Обстоятельства, связанные с этим случаем, очень просты. Сэр Чарльз Баскервиль имел обыкновение перед сном прогуливаться по знаменитой тисовой аллее. Бэрриморы свидетельствовали о такой его привычке. Сэр Чарльз 14 мая объявил о своем намерении ехать на другой день в Лондон и приказал Бэрримору уложить вещи. Вечером он отправился на свою обыкновенную ночную прогулку, в продолжение которой имел привычку курить сигару. С этой прогулки ему не суждено было вернуться. В двенадцать часов ночи, видя, что дверь в переднюю все еще открыта, Бэрримор стал беспокоиться и, засветив фонарь, отправился на поиски своего господина. День был сырой, и следы сэра Чарльза были ясно видны на аллее. На полпути по этой аллее есть калитка, выходящая на болото. Видно было, что сэр Чарльз останавливался тут ненадолго, затем продолжал свою прогулку по аллее, и в самом конце ее было найдено его тело. Туть есть один только необъясненный факт, а именно показание Бэрримора о том, что, за калиткой следы шагов сэра Чарльза изменили свой характер, и казалось, будто он шел не полной ступней, а только на носках. Некто Мерфи, цыган-барышник, находился в то время на болоте, недалеко от калитки, но, по собственному его признанию, был мертвецки пьян. Он заявил, что слышал крики, но не был в состоянии определить, откуда они шли. На теле сэра Чарльза не было обнаружено никаких знаков насилия и, хотя свидетельство доктора указывало на невероятное почти искажение лица (настолько сильное, что доктор Мортимер сразу не узнал своего друга и пациента), но было выяснено, что такой симптом бывает в случаях удушья и смерти от паралича сердца. Такое объяснение было дано при вскрытии, доказавшем, что сэр Чарльз давно страдал органическим пороком сердца, и следователь постановил свое решение на основании медицинских показаний. Хорошо, что все так объяснилось, потому что крайне важно, чтобы наследник сэра Чарльза поселился в замке и продолжал доброе дело, столь грустно прерванное. Если бы прозаический вывод следователя не положил конца романическим историям, которые нашептывались по поводу этой смерти, то трудно было бы найти владетеля для Баскервиля. Говорят, что ближайший родственник и наследник – сэр Генри Баскервиль, сын младшего брата сэра Чарльза. По последним известиям, молодой человек был в Америке, и теперь собираются сведения о нем для того, чтобы иметь возможность сообщить ему о его наследстве».

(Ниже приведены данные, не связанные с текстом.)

lemma mdeg_eq_0_iff: "mdeg m = 0 \<longleftrightarrow> m = 0"
  by (metis add_is_0 mdeg_xpow xpow_0 xpow_lookup)

lemma homogeneous_iff_mdeg: "homogeneous d f \<longleftrightarrow> (\<forall>m\<in>Poly_Mapping.keys f. mdeg m = d)"
  by (simp add: homogeneous_def mdeg_def)

lemma homogeneous_coeff: "homogeneous d f \<Longrightarrow> mdeg m \<noteq> d \<Longrightarrow> mcoeff f m = 0"
  by (auto simp: homogeneous_iff_mdeg in_keys_iff)

lemma homogeneous_0: "homogeneous d 0"
  by (simp add: homogeneous_def)

lemma homogeneous_add: "homogeneous d f \<Longrightarrow> homogeneous d g \<Longrightarrow> homogeneous d (f + g)"
  by (auto simp: homogeneous_iff_mdeg dest!: set_mp[OF keys_add])

lemma homogeneous_sum: "(\<And>x. x \<in> S \<Longrightarrow> homogeneous d (h x)) \<Longrightarrow> homogeneous d (sum h S)"
  by (induction S rule: infinite_finite_induct) (simp_all add: homogeneous_0 homogeneous_add)

lemma homogeneous_mult: "homogeneous i f \<Longrightarrow> homogeneous j g \<Longrightarrow> homogeneous (i + j) (f * g)"
  using keys_mult[of f g] by (fastforce simp: homogeneous_iff_mdeg)

definition hcomp :: "nat \<Rightarrow> 'k::comm_ring_1 mpoly \<Rightarrow> 'k mpoly" where
  "hcomp d = Poly_Mapping.mapp (\<lambda>m c. if mdeg m = d then c else 0)"

lemma coeff_hcomp: "mcoeff (hcomp d f) m = (if mdeg m = d then mcoeff f m else 0)"
  by (auto simp: hcomp_def lookup_mapp in_keys_iff when_def)

lemma homogeneous_hcomp: "homogeneous d (hcomp d f)"
  by (auto simp: homogeneous_iff_mdeg in_keys_iff coeff_hcomp split: if_splits)

lemma hcomp_add: "hcomp d (f + g) = hcomp d f + hcomp d g"
  by (rule poly_mapping_eqI) (simp add: coeff_hcomp lookup_add)

lemma hcomp_0 [simp]: "hcomp d 0 = 0"
  by (rule poly_mapping_eqI) (simp add: coeff_hcomp)

lemma hcomp_sum: "hcomp d (sum h S) = (\<Sum>x\<in>S. hcomp d (h x))"
  by (induction S rule: infinite_finite_induct) (simp_all add: hcomp_add)

lemma hcomp_homogeneous: "homogeneous i f \<Longrightarrow> hcomp d f = (if i = d then f else 0)"
  by (rule poly_mapping_eqI) (auto simp: coeff_hcomp homogeneous_coeff)

lemma sum_hcomp_eq:
  assumes "\<forall>m\<in>Poly_Mapping.keys f. mdeg m \<le> n"
  shows "(\<Sum>i\<le>n. hcomp i f) = f"
proof (rule poly_mapping_eqI)
  fix m
  have "mcoeff (\<Sum>i\<le>n. hcomp i f) m = (if mdeg m \<le> n then mcoeff f m else 0)"
    by (simp add: lookup_sum coeff_hcomp sum.delta')
  then show "mcoeff (\<Sum>i\<le>n. hcomp i f) m = mcoeff f m"
    using assms by (auto simp: in_keys_iff)
qed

Доктор Мортимер сложил газету и положил ее обратно в карман.
– Таковы, мистер Холмс, обнародованные факты, относящиеся к смерти сэра Чарльза Баскервиля.
– Я должен принести вам свою благодарность, – сказал Шерлок Холмс, – за то, что вы привлекли мое внимание на случай, который представляет, конечно, несколько интересных данных. Я в то время видел мельком несколько газетных сообщений об этом, но был занят маленьким делом о ватиканской камее и, в своем желании угодить папе, упустил из вида несколько интересных английских дел. В этой статье, говорите вы, заключаются все обнародованные факты?
– Да.
– Так сообщите мне интимные сведения.
С этими словами Холмс снова прислонился к спинке кресла, сложил концы пальцев и принял самое бесстрастное судейское выражение.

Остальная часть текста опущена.